『マザーレス・ブルックリン』

ジョナサン・レセム著『マザーレス・ブルックリン』




ボスであるフランク・ミナをみすみす殺されてしまった探偵のライオネル・エスログは犯人をあげることを決意する。フランクはライオネルら四人の少年を「セントヴィンセント少年の家」から拾い出し、アシスタントとして使い始め「ミナ一家」を作った人物であった。怪しげなゼンドー(禅堂)、うごめく日本人、巨漢のポーランド人、ファムファタル的女たち。陰謀、裏切りの予感、疑心がからみあい……

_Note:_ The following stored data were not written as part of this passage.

(* Let $X\in\mathbb{R}^{n\times p}$ have unit $\ell_2$-norm columns and worst-case coherence $\mu>0$, let $\beta\in\mathbb{R}^p$ be $k$-sparse with support $\mathcal{S}$, let $\eta\in\mathbb{R}^n$ have independent $\mathcal{N}(0,\sigma^2)$ entries, and $y=X\beta+\eta$. Suppose $k<\mu^{-1}$ and $$\frac{\beta_{\min}}{\|\beta\|_2}>2\mu\sqrt{k}+\frac{4\sqrt{\sigma^2\log p}}{\|\beta\|_2}.$$ Then, with probability exceeding $1-2\big(p\sqrt{2\pi\log p}\big)^{-1}$, the output $\hat{\mathcal{S}}$ of Algorithm 1 satisfies $\mathcal{S}\subset\hat{\mathcal{S}}$ for every integer $d\le p$ with $$d\ge\left\lceil\frac{\sqrt{k}}{\frac{\beta_{\min}}{\|\beta\|_2}-2\mu\sqrt{k}-\frac{4\sqrt{\sigma^2\log p}}{\|\beta\|_2}}\right\rceil.$$
   Context: Worst-case coherence of $X$ with unit-norm columns $X_1,\dots,X_p$: $\mu=\max_{i\ne j}|X_i^\top X_j|$. $[[p]]=\{1,\dots,p\}$, $p\ge2$, $k<n$, $\sigma>0$. $\beta$ (deterministic) is $k$-sparse with support $\mathcal{S}=\{i:\beta_i\ne0\}$, $|\mathcal{S}|=k$; $\beta_{\min}=\min_{i\in\mathcal{S}}|\beta_i|$. Algorithm 1: given $X$, $y$ and an integer $d\in\{1,\dots,p\}$, compute $w=X^\top y$ and output $\hat{\mathcal{S}}\subset[[p]]$ with $|\hat{\mathcal{S}}|=d$ such that $|w_i|\ge|w_j|$ for all $i\in\hat{\mathcal{S}}$, $j\notin\hat{\mathcal{S}}$ (ties broken arbitrarily). *)

theory Defs
  imports "HOL-Probability.Probability"
begin

text \<open>Matrices X in R^{n x p} are represented as X :: nat => nat => real with entry X i j
  for row i < n and column j < p (columns indexed 0..p-1 instead of 1..p).
  Vectors in R^n / R^p are functions nat => real used on {..<n} / {..<p}.\<close>

definition col_inner :: "nat \<Rightarrow> (nat \<Rightarrow> nat \<Rightarrow> real) \<Rightarrow> nat \<Rightarrow> nat \<Rightarrow> real" where
  "col_inner n X a b = (\<Sum>i<n. X i a * X i b)"

definition coherence :: "nat \<Rightarrow> nat \<Rightarrow> (nat \<Rightarrow> nat \<Rightarrow> real) \<Rightarrow> real" where
  "coherence n p X = Max {\<bar>col_inner n X a b\<bar> | a b. a < p \<and> b < p \<and> a \<noteq> b}"

definition matvec :: "nat \<Rightarrow> (nat \<Rightarrow> nat \<Rightarrow> real) \<Rightarrow> (nat \<Rightarrow> real) \<Rightarrow> nat \<Rightarrow> real" where
  "matvec p X b i = (\<Sum>j<p. X i j * b j)"

definition tmatvec :: "nat \<Rightarrow> (nat \<Rightarrow> nat \<Rightarrow> real) \<Rightarrow> (nat \<Rightarrow> real) \<Rightarrow> nat \<Rightarrow> real" where
  "tmatvec n X y j = (\<Sum>i<n. X i j * y i)"

text \<open>Algorithm 1: Shat is a valid output (for some tie-breaking) given X, y and d.\<close>
definition alg1_output :: "nat \<Rightarrow> nat \<Rightarrow> (nat \<Rightarrow> nat \<Rightarrow> real) \<Rightarrow> (nat \<Rightarrow> real) \<Rightarrow> nat \<Rightarrow> nat set \<Rightarrow> bool" where
  "alg1_output n p X y d Shat \<longleftrightarrow>
     (let w = tmatvec n X y in
       Shat \<subseteq> {..<p} \<and> card Shat = d \<and>
       (\<forall>i\<in>Shat. \<forall>j\<in>{..<p} - Shat. \<bar>w i\<bar> \<ge> \<bar>w j\<bar>))"

definition gauss_noise :: "nat \<Rightarrow> real \<Rightarrow> (nat \<Rightarrow> real) measure" where
  "gauss_noise n \<sigma> = PiM {..<n} (\<lambda>_. density lborel (normal_density 0 \<sigma>))"

definition l2norm :: "nat \<Rightarrow> (nat \<Rightarrow> real) \<Rightarrow> real" where
  "l2norm p b = sqrt (\<Sum>j<p. (b j)\<^sup>2)"

end

theory Submission
  imports Defs "HOL-Real_Asymp.Real_Asymp"
begin

text \<open>Write \<open>w = X\<^sup>T y = X\<^sup>T X \<beta> + X\<^sup>T \<eta>\<close>. Each noise correlation \<open>X\<^sub>j\<^sup>T \<eta>\<close> is
  \<open>N(0, \<sigma>\<^sup>2)\<close> because the columns have unit norm, so by the Gaussian tail bound and a union
  bound all \<open>p\<close> of them stay below \<open>\<tau> = 2\<sigma>\<surd>(log p)\<close> with probability at least
  \<open>1 - (p \<surd>(2\<pi> log p))\<^sup>-\<^sup>1\<close>. On that event coherence gives
  \<open>|w\<^sub>j - \<beta>\<^sub>j| \<le> \<mu> \<parallel>\<beta>\<parallel>\<^sub>1 + \<tau> \<le> \<mu> \<surd>k \<parallel>\<beta>\<parallel>\<^sub>2 + \<tau>\<close>, and the hypothesis on \<open>\<beta>\<^sub>m\<^sub>i\<^sub>n\<close> makes
  every \<open>|w\<^sub>i|\<close> with \<open>i \<in> S\<close> strictly larger than every \<open>|w\<^sub>j|\<close> with \<open>j \<notin> S\<close>. Hence any set of
  the \<open>d\<close> largest entries contains \<open>S\<close> as soon as \<open>d \<ge> k\<close>, and the threshold on \<open>d\<close> is
  at least \<open>k\<close> because \<open>\<surd>k \<beta>\<^sub>m\<^sub>i\<^sub>n \<le> \<parallel>\<beta>\<parallel>\<^sub>2\<close>.\<close>

lemma emeasure_normal_density_atLeast_le:
  fixes \<sigma> t :: real
  assumes s: "\<sigma> > 0" and t: "t > 0"
  shows "emeasure (density lborel (normal_density 0 \<sigma>)) {t..}
           \<le> ennreal (\<sigma>\<^sup>2 / t * normal_density 0 \<sigma> t)"
proof -
  let ?\<phi> = "normal_density 0 \<sigma>"
  txt \<open>On \<open>[t, \<infinity>)\<close> the density is at most \<open>x \<phi>(x) / t\<close>, an exact derivative.\<close>
  define F where "F x = - (\<sigma>\<^sup>2 / t) * ?\<phi> x" for x
  have F_deriv: "DERIV F x :> x * ?\<phi> x / t" for x
  proof -
    have "DERIV F x :> - (\<sigma>\<^sup>2 / t) * (1 / sqrt (2 * pi * \<sigma>\<^sup>2) *
        (exp (-(x - 0)\<^sup>2 / (2 * \<sigma>\<^sup>2)) * (- (2 * (x - 0)) / (2 * \<sigma>\<^sup>2))))"
      unfolding F_def normal_density_def using s t by (auto intro!: derivative_eq_intros)
    also have "- (\<sigma>\<^sup>2 / t) * (1 / sqrt (2 * pi * \<sigma>\<^sup>2) *
        (exp (-(x - 0)\<^sup>2 / (2 * \<sigma>\<^sup>2)) * (- (2 * (x - 0)) / (2 * \<sigma>\<^sup>2)))) = x * ?\<phi> x / t"
      using s by (simp add: normal_density_def field_simps power2_eq_square)
    finally show ?thesis .
  qed
  have "filterlim (\<lambda>x::real. - (x\<^sup>2) / (2 * \<sigma>\<^sup>2)) at_bot at_top"
    using s by real_asymp
  then have "((\<lambda>x. exp (- (x\<^sup>2) / (2 * \<sigma>\<^sup>2))) \<longlongrightarrow> 0) at_top"
    by (rule filterlim_compose[OF exp_at_bot])
  then have "((\<lambda>x. (- (\<sigma>\<^sup>2 / t) * (1 / sqrt (2 * pi * \<sigma>\<^sup>2))) * exp (- (x\<^sup>2) / (2 * \<sigma>\<^sup>2)))
      \<longlongrightarrow> 0) at_top"
    by (rule tendsto_mult_right_zero)
  then have F_lim: "(F \<longlongrightarrow> 0) at_top"
    unfolding F_def normal_density_def by (simp add: mult.assoc)
  have "emeasure (density lborel ?\<phi>) {t..} = (\<integral>\<^sup>+x. ennreal (?\<phi> x) * indicator {t..} x \<partial>lborel)"
    by (simp add: emeasure_density)
  also have "\<dots> \<le> (\<integral>\<^sup>+x. ennreal (x * ?\<phi> x / t) * indicator {t..} x \<partial>lborel)"
  proof (intro nn_integral_mono)
    fix x :: real
    have "?\<phi> x \<le> x * ?\<phi> x / t" if "t \<le> x"
      using that t by (simp add: field_simps mult_right_mono)
    then show "ennreal (?\<phi> x) * indicator {t..} x \<le> ennreal (x * ?\<phi> x / t) * indicator {t..} x"
      by (simp add: indicator_def ennreal_leI)
  qed
  also have "\<dots> = ennreal (0 - F t)"
    by (rule nn_integral_FTC_atLeast[OF _ F_deriv _ F_lim])
      (use t in \<open>auto simp: normal_density_def\<close>)
  also have "0 - F t = \<sigma>\<^sup>2 / t * ?\<phi> t" by (simp add: F_def)
  finally show ?thesis .
qed

lemma measure_normal_upper_tail_le:
  assumes D: "distributed M lborel W (normal_density 0 \<sigma>)" and s: "\<sigma> > 0" and t: "t > 0"
  shows "measure M {x \<in> space M. t \<le> W x} \<le> \<sigma>\<^sup>2 / t * normal_density 0 \<sigma> t"
proof -
  have "measure M {x \<in> space M. t \<le> W x} = measure (distr M lborel W) {t..}"
    using D by (subst measure_distr) (auto simp: distributed_def intro!: arg_cong[where f="measure M"])
  also have "\<dots> = measure (density lborel (normal_density 0 \<sigma>)) {t..}"
    using D by (simp add: distributed_def)
  also have "\<dots> \<le> \<sigma>\<^sup>2 / t * normal_density 0 \<sigma> t"
    using emeasure_normal_density_atLeast_le[OF s t] t by (simp add: measure_def enn2real_leI)
  finally show ?thesis .
qed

と、正統派のハードボイルドタッチのミステリー調であるし、実際にそのようにも読める。しかしそれにしては「過剰」な点も多い。
レセムは明らかにジャンルに対してメタ的視線で本作を展開している。「おまえはサム・スペードか」というセリフやチャンドラーからの引用、その他ハードボイルド作家への言及などからも明らかである。

なんといってもその「過剰」さは語り手を努めるライオネルの設定にある。
「フリークショー」とも呼ばれるライオネルはトゥーレット症候群(重度のチック)であり、思考が暴走しだすとそれを止められず実際に声に出してしまう(「フルネームはなんていうんだ、ライオネル?」「ララバイ・ゲストスター――」「何だって?」「アリバイ・エスモブ――」)。そしてそれ行動にまで出てしまう(警官の肩を叩きたくなって、そうなるともう止められない)。強迫観念に襲われ、それを押さえることが出来ない人物なのである(「カミソリのように薄い」リュウ・アーチャーと比較してみよ)。
50年前ならいざしらず現代を舞台にしているにしてはあんまりな珍妙なるジャポニズムといい、次第にこの人物の語る出来事を信用していいものかという気にもなってくる……

もちろんこれらはレセムが意図したものであろう。
孤児として育ち(マザーレス)父親的存在であったフランクを失った探偵たちはどう落とし前をつけようというのか。
原著は99年刊行であるが、ハイパーアクティブな探偵は世紀末にふさわしい存在となっている。


訳書は2000年刊行であるが、訳者あとがきによるとエドワート・ノートンが映画化権を取ったとあって、どうなっとるんかいなとちょっと調べてみると50年代に舞台を移して2013年の公開を目指すなんて話も。
映画化を考えると舞台を移したほうがいいんだろうけどそれじゃ「あえて」の部分が薄まってしまうようにも思えるんだよなあ。多層的な読みが可能なだけにそこらへんの処理を誤ると凡庸なものになってしまう危険性も高いようにも思えるが、さてどうなることやら。